Answer with a bare number: the count of lines in the data below that contain the word "subseteq".

════════

lemma no_point_collinear_absurd:
  assumes M: "M = {a,p,q,r}" "M \<in> Bs" "distinct [a,p,q,r]" "b \<notin> M"
    and np: "\<not> collinear Bs {a,b,p}" and nq: "\<not> collinear Bs {a,b,q}"
    and nr: "\<not> collinear Bs {a,b,r}"
  shows False
proof -
  have in_Omega: "{b,p,q,a} \<subseteq> Omega" using block_subset[OF M(2)] M(1) first_in second_in by auto
  have "collinear Bs {p,q,a}" by (rule collinearI[OF M(2)]) (use M(1) in auto)
  moreover have "\<not> collinear Bs {b,q,a}" "\<not> collinear Bs {b,p,a}"
    using nq np by (simp_all add: insert_commute)
  ultimately have "collinear Bs {b,p,q}"
    by (intro collinear_face_if_one_collinear[OF _ in_Omega]) (use M in auto)
  then obtain N where N: "N \<in> Bs" "{b,p,q} \<subseteq> N" unfolding collinear_def by blast
  obtain t where t: "N = {b,p,q,t}" "t \<notin> {b,p,q}"
    by (rule block_fourth_point[OF N]) (use M in auto)
  have ta: "t \<noteq> a"
  proof
    assume "t = a"
    then have "N = M" by (intro block_eq_if_three_common[OF N(1) M(2), of a p q]) (use M t in auto)
    then show False using M t by auto
  qed
  have tr: "t \<noteq> r"
  proof
    assume "t = r"
    then have "N = M" by (intro block_eq_if_three_common[OF N(1) M(2), of p q r]) (use M t in auto)
    then show False using M t by auto
  qed
  have "{p,q,a,r} \<in> Bs" "{p,q,b,t} \<in> Bs"
    using M(1,2) N(1) t(1) by (simp_all add: insert_commute)
  then have "{a,r,b,t} \<in> Bs" by (rule block_symmetric_difference) (use M t ta tr in auto)
  then have "collinear Bs {a,b,r}" by (rule collinearI) auto
  then show False using nr by simp
qed

lemma image_line_one_collinear:
  assumes M: "M = {a,p,q,r}" "M \<in> Bs" "distinct [a,p,q,r]" "b \<notin> M"
    and cp: "collinear Bs {a,b,p}" and nq: "\<not> collinear Bs {a,b,q}"
    and nr: "\<not> collinear Bs {a,b,r}"
  shows "s ` M \<in> Bs"
proof -
  have Lp: "{a,b,p,s p} \<in> Bs" "s p \<notin> {a,b,p}" using s_collinear_block[OF _ _ cp] M by auto
  have pM: "s p \<notin> M" by (rule s_not_in_line[OF M(2) _ M(4) _ _ cp]) (use M in auto)
  have "{a,p,q,r} \<in> Bs" "{a,p,b,s p} \<in> Bs" using M Lp(1) by (simp_all add: insert_commute)
  then have "{q,r,b,s p} \<in> Bs" by (rule block_symmetric_difference) (use M Lp pM in auto)
  moreover have "s ` M = {q,r,b,s p}"
    using M swp_not_collinear[OF _ _ nq] swp_not_collinear[OF _ _ nr] swp_first[OF distinct_pair]
    by auto
  ultimately show ?thesis by simp
qed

════════

Output for this task » 2